# Change of visa.



## perky (Mar 8, 2009)

Two years ago i emigrated to SA where i married a SA lady and as a result i am now a temporary resident.
Being a pensioner and for personal reasons, i would like to know if it is possible to change this status to a pensioners visa.
Financially i am able to meet the criteria required.
Many thanks for any advice you are able to give.


----------



## LegalMan (Dec 26, 2012)

This should help you:

A Retired Person's Permit can be applied for at any time. The Retired Person’s Permit is a temporary residence permit that can be issued to any person regardless of age who intends to retire in South Africa may it be on a continuous or seasonal basis.

	To qualify to apply for a Retired Person’s Permit the applicant will need to show that they have the sufficient financial means to support themselves while residing in South Africa.
	To meet the necessary financial requirements the applicant will need to show that they receive a monthly income of at least R20,000 per month through the following two ways.
•	The R20,000 must originate from abroad and can be shown through a pension, irrevocable annuity or a retirement account; or
•	The R20,000 can also be shown through a combination of assets such as rental income, investment income etc.

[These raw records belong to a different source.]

(* For every $n\ge1$ there is a bijection from $\mathcal{S}_n(0011,0021)$ onto the set of Dyck paths of semilength $n$ which sends an ascent sequence with exactly $k$ zeros to a Dyck path with exactly $k$ returns (equivalently, $k$ components). In particular, for all $n\ge1$ and $k\ge1$, the number of sequences in $\mathcal{S}_n(0011,0021)$ having exactly $k$ entries equal to $0$ equals the number of Dyck paths of semilength $n$ with exactly $k$ returns, and $S_n(0011,0021)=C_n$.
   Context: An ascent sequence of length $n$ is a sequence $x_1\cdots x_n$ of non-negative integers with $x_1=0$ and $x_i\le \mathrm{asc}(x_1\cdots x_{i-1})+1$ for $1<i\le n$, where $\mathrm{asc}$ counts indices $j$ with $x_j<x_{j+1}$. A sequence contains a pattern $\tau$ if some subsequence is order-isomorphic to $\tau$ (equal letters to equal letters); otherwise it avoids $\tau$; $\mathcal{S}_n(T)$ is the set of ascent sequences of length $n$ avoiding all patterns in $T$. A Dyck path of semilength $n$ is a lattice path from $(0,0)$ to $(2n,0)$ with steps $U=(1,1)$ and $D=(1,-1)$ never going below the $x$-axis. A return is a non-initial vertex on the $x$-axis; the returns split a nonempty Dyck path into components (each a nonempty Dyck path touching the axis only at its endpoints), so the number of components equals the number of returns. $C_n=\frac1{n+1}\binom{2n}n$. *)

theory Defs
  imports Main "HOL-Library.Sublist"
begin

text \<open>Ascent sequences are lists of naturals; Dyck paths are lists of booleans
  (True = up step U, False = down step D).\<close>

definition asc :: "nat list \<Rightarrow> nat" where
  "asc xs = card {j. Suc j < length xs \<and> xs ! j < xs ! Suc j}"

definition ascent_seq :: "nat list \<Rightarrow> bool" where
  "ascent_seq xs \<longleftrightarrow> xs \<noteq> [] \<and> xs ! 0 = 0 \<and>
     (\<forall>i. 0 < i \<and> i < length xs \<longrightarrow> xs ! i \<le> asc (take i xs) + 1)"

definition order_iso :: "nat list \<Rightarrow> nat list \<Rightarrow> bool" where
  "order_iso ys ts \<longleftrightarrow> length ys = length ts \<and>
     (\<forall>i<length ys. \<forall>j<length ys.
        (ys ! i < ys ! j \<longleftrightarrow> ts ! i < ts ! j) \<and> (ys ! i = ys ! j \<longleftrightarrow> ts ! i = ts ! j))"

definition contains :: "nat list \<Rightarrow> nat list \<Rightarrow> bool" where
  "contains xs \<tau> \<longleftrightarrow> (\<exists>ys. subseq ys xs \<and> order_iso ys \<tau>)"

definition avoids_all :: "nat list \<Rightarrow> nat list set \<Rightarrow> bool" where
  "avoids_all xs T \<longleftrightarrow> (\<forall>\<tau>\<in>T. \<not> contains xs \<tau>)"

definition S :: "nat \<Rightarrow> nat list set \<Rightarrow> nat list set" where
  "S n T = {xs. length xs = n \<and> ascent_seq xs \<and> avoids_all xs T}"

definition height :: "bool list \<Rightarrow> int" where
  "height p = int (count_list p True) - int (count_list p False)"

definition dyck :: "nat \<Rightarrow> bool list set" where
  "dyck n = {p. length p = 2 * n \<and> height p = 0 \<and> (\<forall>i\<le>length p. height (take i p) \<ge> 0)}"

definition returns :: "bool list \<Rightarrow> nat" where
  "returns p = card {i. 1 \<le> i \<and> i \<le> length p \<and> height (take i p) = 0}"

definition catalan :: "nat \<Rightarrow> nat" where
  "catalan n = ((2 * n) choose n) div (n + 1)"

end

theory Submission
  imports Defs
begin

text \<open>A letter v can be appended to an ascent sequence x avoiding 0011 and 0021 iff
  v \<le> asc x + 1 and no x_i = x_j < v \<le> x_l occurs with i < j < l. Appending letters turns these sequences into a generating tree; label a node by its
  number of children. If x has at least two zeros, appending 0 adds a zero and keeps the label,
  while the positive admissible letters give children with labels 2, 3, ..., label x. A sequence
  with a single zero is 0 followed by a shifted sequence, and shifting raises the label by one.
  Hence the number of sequences of length n with k zeros and label at least c obeys the recursion
  of the Catalan triangle and equals ballot n (k + c - 2). By the first-return decomposition,
  ballot n k also counts the Dyck paths of semilength n with k returns. So zeros and returns are
  equidistributed, bijections between corresponding fibres glue to the required bijection, and
  summing over k gives the Catalan number.\<close>

lemma card_with_at_least_greater:
  fixes B :: "nat set"
  assumes "finite B"
  shows "card {v\<in>B. m \<le> card {u\<in>B. v < u}} = card B - m"
  using assms
proof (induction B rule: finite_linorder_min_induct)
  case (insert b B)
  let ?S = "\<lambda>B. {v\<in>B. m \<le> card {u\<in>B. v < u}}"
  have "b \<notin> B" using insert.hyps(2) by auto
  have b_above: "{u\<in>insert b B. b < u} = B" using insert.hyps(2) by auto
  have "v \<in> ?S (insert b B) \<longleftrightarrow> v \<in> (if m \<le> card B then insert b (?S B) else ?S B)" for v
  proof (cases "v = b")
    case False
    show ?thesis
    proof (cases "v \<in> B")
      case True
      then have "{u\<in>insert b B. v < u} = {u\<in>B. v < u}" using insert.hyps(2) by auto
      with False True show ?thesis by simp
    qed (use False in simp)
  qed (use b_above \<open>b \<notin> B\<close> in auto)
  then have "?S (insert b B) = (if m \<le> card B then insert b (?S B) else ?S B)" by blast
  with insert \<open>b \<notin> B\<close> show ?case by (simp add: Suc_diff_le)
qed simp

lemma card_eq_sum_card_fibres:
  assumes "finite A" "finite K" "f ` A \<subseteq> K"
  shows "card A = (\<Sum>k\<in>K. card {a\<in>A. f a = k})"
proof -
  have "(\<Sum>k\<in>K. \<Sum>a\<in>{a\<in>A. f a = k}. 1) = (\<Sum>a\<in>A. 1 :: nat)"
    by (rule sum.group[OF assms])
  then show ?thesis by simp
qed

lemma sum_diff_eq_sum_card:
  fixes f :: "'a \<Rightarrow> nat"
  assumes "finite X" "\<forall>x\<in>X. f x < c + N"
  shows "(\<Sum>x\<in>X. f x + 1 - c) = (\<Sum>i<N. card {x\<in>X. c + i \<le> f x})"
proof -
  have "f x + 1 - c = (\<Sum>i<N. of_bool (c + i \<le> f x))" if "x \<in> X" for x
  proof -
    have "{..<N} \<inter> {i. c + i \<le> f x} = {..<f x + 1 - c}" using assms(2) that by auto
    then show ?thesis by simp
  qed
  then have "(\<Sum>x\<in>X. f x + 1 - c) = (\<Sum>x\<in>X. \<Sum>i<N. of_bool (c + i \<le> f x))"
    by (rule sum.cong[OF refl])
  also have "\<dots> = (\<Sum>i<N. \<Sum>x\<in>X. of_bool (c + i \<le> f x))" by (rule sum.swap)
  also have "\<dots> = (\<Sum>i<N. card {x\<in>X. c + i \<le> f x})"
    using assms(1) by (simp add: Collect_conj_eq Int_commute)
  finally show ?thesis .
qed

lemma ex_bij_betw_preserving_statistic:
  assumes "finite A" "finite B" "\<And>k. card {a\<in>A. f a = k} = card {b\<in>B. g b = k}"
  shows "\<exists>h. bij_betw h A B \<and> (\<forall>a\<in>A. g (h a) = f a)"
proof -
  have "\<exists>h. bij_betw h {a\<in>A. f a = k} {b\<in>B. g b = k}" for k
    using assms by (intro finite_same_card_bij) simp_all
  then obtain H where H: "\<And>k. bij_betw (H k) {a\<in>A. f a = k} {b\<in>B. g b = k}" by metis
  define h where "h a = H (f a) a" for a
  have maps: "h a \<in> B \<and> g (h a) = f a" if "a \<in> A" for a
    using bij_betw_apply[OF H, of a "f a"] that unfolding h_def by simp
  have "inj_on h A"
  proof (rule inj_onI)
    fix a a' assume "a \<in> A" "a' \<in> A" "h a = h a'"
    moreover then have "f a = f a'" using maps by metis
    ultimately show "a = a'"
      using bij_betw_imp_inj_on[OF H, of "f a"] unfolding h_def by (auto dest: inj_onD)
  qed
  moreover have "B \<subseteq> h ` A"
  proof
    fix b assume "b \<in> B"
    then obtain a where "a \<in> A" "f a = g b" "b = H (g b) a"
      using bij_betw_imp_surj_on[OF H, of "g b"] by force
    then have "b = h a" unfolding h_def by simp
    with \<open>a \<in> A\<close> show "b \<in> h ` A" by blast
  qed
  ultimately show ?thesis using maps unfolding bij_betw_def by blast
qed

	The Retired Person’s Permit can be only applied a period longer than 3 months and up to a 4 years. The financial requirements are required to be met for the whole period (up to 4 years) that the applicant intends to reside in South Africa.
	The Retired Person’s Permit can be extended beyond the 4 year period as long the requirements are maintained.
	Any spouses or life partners intending to join the applicant will be required to meet the requirements and qualify to apply for the Retired Person’s Permit in their own right as the requirements are specific to an individual applicant.

*Important requirements:*
	The financial requirements must be certified by a charted accountant.


----------



## perky (Mar 8, 2009)

Many thanks for the information. As my pensions exceed the stated amount and are from the UK and for life, I will give that route some consideration


----------